Benchmark class: FrozenCacheBench

Architecture

FrozenDictionary<TKey, TValue> (introduced in .NET 8) is an immutable, read-optimised hash map produced by calling .ToFrozenDictionary() on any IEnumerable<KeyValuePair<K,V>>. Once constructed, it cannot be modified.

The .NET runtime optimises FrozenDictionary for lookup by:

  1. Selecting a hash algorithm at construction time that minimises collisions for the actual set of keys stored.
  2. Laying out buckets and values in contiguous memory arrays — maximising L1/L2 cache utilisation.
  3. Generating specialised lookup code paths per key type (e.g., string uses a minimal perfect hash when the key count is small enough).

These properties make FrozenDictionary the fastest .NET hash map for stable, read-heavy data — lookup throughput typically exceeds Dictionary<K,V> by 20–40 % because the absence of a write path allows more aggressive layout and inline-hashing optimisations.

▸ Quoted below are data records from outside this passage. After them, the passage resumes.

(* Let $n\ge 1$ and $0\le t<n$ be integers, and write $n=(n-t)q+r$ where $q,r$ are the unique integers with $0\le r<n-t$. Then \[ S(n,t,2)=q^{\,n-t-r}(q+1)^r. \]
   Context: A CNF formula over variables $x_1,\dots,x_n$ is a conjunction of clauses (disjunctions of literals); a $k$-CNF has all clauses of width at most $k$. $\mathrm{sat}_t(F)$ denotes the set of satisfying assignments of $F$ of Hamming weight exactly $t$. $F$ is $t$-admissible if it has no satisfying assignment of Hamming weight less than $t$. $S(n,t,k)$ is the maximum of $|\mathrm{sat}_t(F)|$ over all $t$-admissible $k$-CNF formulas $F$ on $n$ variables. *)

theory Defs
  imports Main
begin

text \<open>Variables are x_0,...,x_{n-1} (indices in {0..<n}). A literal is a pair (i, b):
  (i, True) is the positive literal x_i, (i, False) the negative literal.
  An assignment is identified with the set of variables it sets to true; its Hamming weight
  is the cardinality of that set.\<close>

type_synonym literal = "nat \<times> bool"
type_synonym clause = "literal set"
type_synonym cnf = "clause set"

definition lit_sat :: "nat set \<Rightarrow> literal \<Rightarrow> bool" where
  "lit_sat A l = (if snd l then fst l \<in> A else fst l \<notin> A)"

definition clause_sat :: "nat set \<Rightarrow> clause \<Rightarrow> bool" where
  "clause_sat A C = (\<exists>l\<in>C. lit_sat A l)"

definition cnf_sat :: "nat set \<Rightarrow> cnf \<Rightarrow> bool" where
  "cnf_sat A F = (\<forall>C\<in>F. clause_sat A C)"

definition is_kcnf :: "nat \<Rightarrow> nat \<Rightarrow> cnf \<Rightarrow> bool" where
  "is_kcnf n k F = (\<forall>C\<in>F. fst ` C \<subseteq> {0..<n} \<and> finite C \<and> card C \<le> k)"

definition sat_t :: "nat \<Rightarrow> nat \<Rightarrow> cnf \<Rightarrow> nat set set" where
  "sat_t n t F = {A. A \<subseteq> {0..<n} \<and> card A = t \<and> cnf_sat A F}"

definition admissible :: "nat \<Rightarrow> nat \<Rightarrow> cnf \<Rightarrow> bool" where
  "admissible n t F = (\<forall>A. A \<subseteq> {0..<n} \<and> card A < t \<longrightarrow> \<not> cnf_sat A F)"

definition S :: "nat \<Rightarrow> nat \<Rightarrow> nat \<Rightarrow> nat" where
  "S n t k = Max {card (sat_t n t F) | F. is_kcnf n k F \<and> admissible n t F}"

end

theory Submission
  imports Defs "HOL-Library.FuncSet"
begin

text \<open>Upper bound: the solutions of a 2-CNF are closed under bitwise majority, which gives a
  Helly property: variables that can pairwise be set to false together can all be set to false
  at once. So in the graph joining two variables that are false in a common solution,
  admissibility bounds every clique by \<open>m = n - t\<close>, while the zero sets of the weight-\<open>t\<close>
  solutions are cliques of exactly that size. A Turan-type induction, deleting a vertex with at
  least \<open>n/m\<close> non-neighbours, bounds the number of \<open>m\<close>-cliques of such a graph by
  \<open>q^(m - r) (q + 1)^r\<close>. Lower bound: allowing at most one false variable in each residue class
  modulo \<open>m\<close> attains this product.\<close>

section \<open>Balanced products\<close>

text \<open>The product of the part sizes of a partition of \<open>n\<close> into \<open>m\<close> nearly equal parts.\<close>
definition balanced_prod :: "nat \<Rightarrow> nat \<Rightarrow> nat" where
  "balanced_prod n m = (n div m) ^ (m - n mod m) * (n div m + 1) ^ (n mod m)"

lemma balanced_prod_eq:
  assumes "r < m"
  shows "balanced_prod (q * m + r) m = q ^ (m - r) * (q + 1) ^ r"
  using assms by (simp add: balanced_prod_def)

lemma balanced_prod_le_Suc:
  assumes "0 < m"
  shows "balanced_prod n m \<le> balanced_prod (Suc n) m"
proof -
  define q r where "q = n div m" and "r = n mod m"
  have n: "n = q * m + r" and "r < m"
    using assms by (simp_all add: q_def r_def)
  show ?thesis
  proof (cases "Suc r < m")
    case True
    have "m - r = Suc (m - Suc r)"
      using True by simp
    then have "balanced_prod n m = q ^ (m - Suc r) * (q * (q + 1) ^ r)"
      using balanced_prod_eq[OF \<open>r < m\<close>, of q] n by simp
    also have "\<dots> \<le> q ^ (m - Suc r) * ((q + 1) * (q + 1) ^ r)"
      by (intro mult_le_mono2) simp
    also have "\<dots> = balanced_prod (Suc n) m"
      using balanced_prod_eq[OF True, of q] n by simp
    finally show ?thesis .
  next
    case False
    then have m: "m = Suc r"
      using \<open>r < m\<close> by simp
    have "balanced_prod n m = q * (q + 1) ^ r"
      using balanced_prod_eq[OF \<open>r < m\<close>, of q] n m by simp
    also have "\<dots> \<le> (q + 1) * (q + 1) ^ r"
      by simp
    also have "\<dots> = balanced_prod (Suc n) m"
      using balanced_prod_eq[of 0 m "q + 1"] n m by (simp add: algebra_simps)
    finally show ?thesis .
  qed
qed

lemma balanced_prod_mono: "0 < m \<Longrightarrow> n \<le> n' \<Longrightarrow> balanced_prod n m \<le> balanced_prod n' m"
  by (rule lift_Suc_mono_le[of "\<lambda>n. balanced_prod n m"]) (simp_all add: balanced_prod_le_Suc)

text \<open>The recurrence behind the clique count: a vertex with at least \<open>n/m\<close> non-neighbours
  and \<open>d\<close> neighbours is deleted.\<close>
lemma balanced_prod_delete_vertex:
  assumes "2 \<le> m" and "1 \<le> n" and "d \<le> n" and "n \<le> m * (n - d)"
  shows "balanced_prod (n - 1) m + balanced_prod d (m - 1) \<le> balanced_prod n m"
proof -
  define q r where "q = n div m" and "r = n mod m"
  have n: "n = q * m + r" and "r < m"
    using assms(1) by (simp_all add: q_def r_def)
  have mono: "balanced_prod d (m - 1) \<le> balanced_prod d' (m - 1)" if "d \<le> d'" for d'
    using balanced_prod_mono[OF _ that] assms(1) by simp
  have qm: "q * m = q * (m - 1) + q"
    using assms(1) by (cases m) auto
  show ?thesis
  proof (cases "r = 0")
    case False
    have "m * q < m * (n - d)"
      using assms(4) n False by (simp add: algebra_simps)
    then have "q < n - d"
      by simp
    then have "d \<le> q * (m - 1) + (r - 1)"
      using n qm False by linarith
    then have "balanced_prod d (m - 1) \<le> q ^ (m - r) * (q + 1) ^ (r - 1)"
      using mono balanced_prod_eq[of "r - 1" "m - 1" q] \<open>r < m\<close> False by fastforce
    moreover have "balanced_prod (n - 1) m = q * q ^ (m - r) * (q + 1) ^ (r - 1)"
      using balanced_prod_eq[of "r - 1" m q] n \<open>r < m\<close> False by (simp add: Suc_diff_le)
    moreover have "balanced_prod n m = q ^ (m - r) * (q + 1) ^ Suc (r - 1)"
      using balanced_prod_eq[OF \<open>r < m\<close>] n False by simp
    ultimately show ?thesis
      by (simp add: algebra_simps)
  next
    case True
    have "m * q \<le> m * (n - d)"
      using assms(4) n True by (simp add: algebra_simps)
    then have "q \<le> n - d"
      using assms(1) by simp
    then have "d \<le> q * (m - 1)"
      using n qm True assms(3) by linarith
    then have "balanced_prod d (m - 1) \<le> q ^ (m - 1)"
      using mono balanced_prod_eq[of 0 "m - 1" q] assms(1) by fastforce
    moreover obtain p where q: "q = Suc p"
      using n True assms(2) by (cases q) auto
    moreover have "balanced_prod (n - 1) m = p * q ^ (m - 1)"
      using balanced_prod_eq[of "m - 1" m p] n True q assms(1) by (simp add: algebra_simps)
    moreover have "balanced_prod n m = q * q ^ (m - 1)"
      using balanced_prod_eq[OF \<open>r < m\<close>] n True assms(1) by (simp add: power_eq_if)
    ultimately show ?thesis
      by simp
  qed
qed

section \<open>Counting maximum cliques\<close>

definition clique :: "'a set \<Rightarrow> ('a \<Rightarrow> 'a \<Rightarrow> bool) \<Rightarrow> 'a set \<Rightarrow> bool" where
  "clique V adj K \<longleftrightarrow> K \<subseteq> V \<and> (\<forall>x\<in>K. \<forall>y\<in>K. x \<noteq> y \<longrightarrow> adj x y)"

abbreviation cliques :: "'a set \<Rightarrow> ('a \<Rightarrow> 'a \<Rightarrow> bool) \<Rightarrow> nat \<Rightarrow> 'a set set" where
  "cliques V adj m \<equiv> {K. clique V adj K \<and> card K = m}"

lemma finite_cliques: "finite V \<Longrightarrow> finite (cliques V adj m)"
  by (rule finite_subset[of _ "Pow V"]) (auto simp: clique_def)

lemma clique_insert_if_few_non_neighbours:
  assumes "finite V" and "clique V adj K"
    and "\<And>x y. adj x y \<Longrightarrow> adj y x" and "\<And>x. \<not> adj x x"
    and "(\<Sum>v\<in>K. card {u\<in>V. \<not> adj v u}) < card V"
  shows "\<exists>u. u \<notin> K \<and> clique V adj (insert u K)"
proof -
  define N where "N = (\<Union>v\<in>K. {u\<in>V. \<not> adj v u})"
  have "finite K"
    using assms(1,2) by (auto simp: clique_def intro: finite_subset)
  then have "card N \<le> (\<Sum>v\<in>K. card {u\<in>V. \<not> adj v u})"
    unfolding N_def by (rule card_UN_le)
  then have "N \<noteq> V"
    using assms(5) by auto
  moreover have "N \<subseteq> V"
    unfolding N_def by auto
  ultimately obtain u where u: "u \<in> V" "u \<notin> N"
    by blast
  have "u \<notin> K"
    using u assms(4) by (auto simp: N_def)
  moreover have "clique V adj (insert u K)"
    using assms(2,3) u by (auto simp: clique_def N_def)
  ultimately show ?thesis
    by blast
qed

lemma exists_vertex_many_non_neighbours:
  assumes "finite V" and "V \<noteq> {}"
    and "\<And>x y. adj x y \<Longrightarrow> adj y x" and "\<And>x. \<not> adj x x"
    and "\<And>K. clique V adj K \<Longrightarrow> card K \<le> m"
  shows "\<exists>v\<in>V. card V \<le> m * card {u\<in>V. \<not> adj v u}"
proof (rule ccontr)
  assume "\<not> ?thesis"
  then have few: "m * card {u\<in>V. \<not> adj v u} < card V" if "v \<in> V" for v
    using that by auto
  have "\<exists>K. clique V adj K \<and> card K = k" if "k \<le> Suc m" for k
    using that
  proof (induction k)
    case 0
    show ?case
      by (rule exI[of _ "{}"]) (simp add: clique_def)
  next
    case (Suc k)
    then obtain K where K: "clique V adj K" "card K = k"
      by auto
    have "finite K"
      using K(1) assms(1) by (auto simp: clique_def intro: finite_subset)
    have "(\<Sum>v\<in>K. card {u\<in>V. \<not> adj v u}) < card V"
    proof (cases "K = {}")
      case True
      then show ?thesis
        using assms(1,2) by (simp add: card_gt_0_iff)
    next
      case False
      have "m * (\<Sum>v\<in>K. card {u\<in>V. \<not> adj v u}) = (\<Sum>v\<in>K. m * card {u\<in>V. \<not> adj v u})"
        by (simp add: sum_distrib_left)
      also have "\<dots> < (\<Sum>v\<in>K. card V)"
        using K(1) False few \<open>finite K\<close> by (intro sum_strict_mono) (auto simp: clique_def)
      also have "\<dots> \<le> m * card V"
        using K(2) Suc.prems by simp
      finally show ?thesis
        by simp
    qed
    then obtain u where "u \<notin> K" "clique V adj (insert u K)"
      using clique_insert_if_few_non_neighbours[OF assms(1) K(1) assms(3,4)] by blast
    then show ?case
      using K(2) \<open>finite K\<close> by (intro exI[of _ "insert u K"]) simp
  qed
  then obtain K where "clique V adj K" "card K = Suc m"
    by blast
  then show False
    using assms(5) by fastforce
qed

Trade-off: Every write (new key, updated value, removal) requires rebuilding the entire dictionary from scratch via .ToFrozenDictionary(). This is an O(N) operation and allocates a new dictionary object. The frozen cache is therefore optimised for write-once / read-many access patterns — typical for configuration caches, static lookup tables, and reference data loaded at startup.

Benchmark methods

MethodDescription
Read_Sequential_AllKeys (Baseline)TryGetValue for all keys in insertion order — maximum hardware prefetcher benefit
Read_Random_AllKeysTryGetValue for all keys in a shuffled order — stresses the hash-lookup path
Write_FullRebuild.ToFrozenDictionary() from source entries — measures the O(N) write cost

Key insights

Sequential vs random reads:

  • Sequential access (insertion order) allows the CPU's hardware prefetcher to predict the next memory address before it is needed, loading the bucket array into L1 cache ahead of each lookup. This yields the highest possible throughput for FrozenDictionary.
  • Random access produces more L1/L2 cache misses (visible in the CacheMisses hardware counter if PMU is available). The Ratio between sequential and random quantifies the locality penalty.
  • Even random-access throughput on FrozenDictionary is competitive with Dictionary<K,V> because the contiguous layout and minimal-hash algorithm reduce average probe length.

Write — full rebuild:

  • The rebuild cost scales linearly with CacheSize: O(N) key hashing + O(N) layout optimisation.
  • At CacheSize = 10 000, the rebuild time is measurably larger than a single lookup cycle — confirming that frozen cache writes should be batched and infrequent.
  • The rebuild allocates a new FrozenDictionary instance + its internal arrays. The old instance becomes eligible for GC immediately after the reference is swapped (typically Gen1 or Gen2 depending on size).
  • Practical guidance: Use the frozen cache for data that changes at most once per deployment or on a scheduled refresh cycle (e.g., every 5–60 minutes). For data that changes per-request, use IMemoryCache.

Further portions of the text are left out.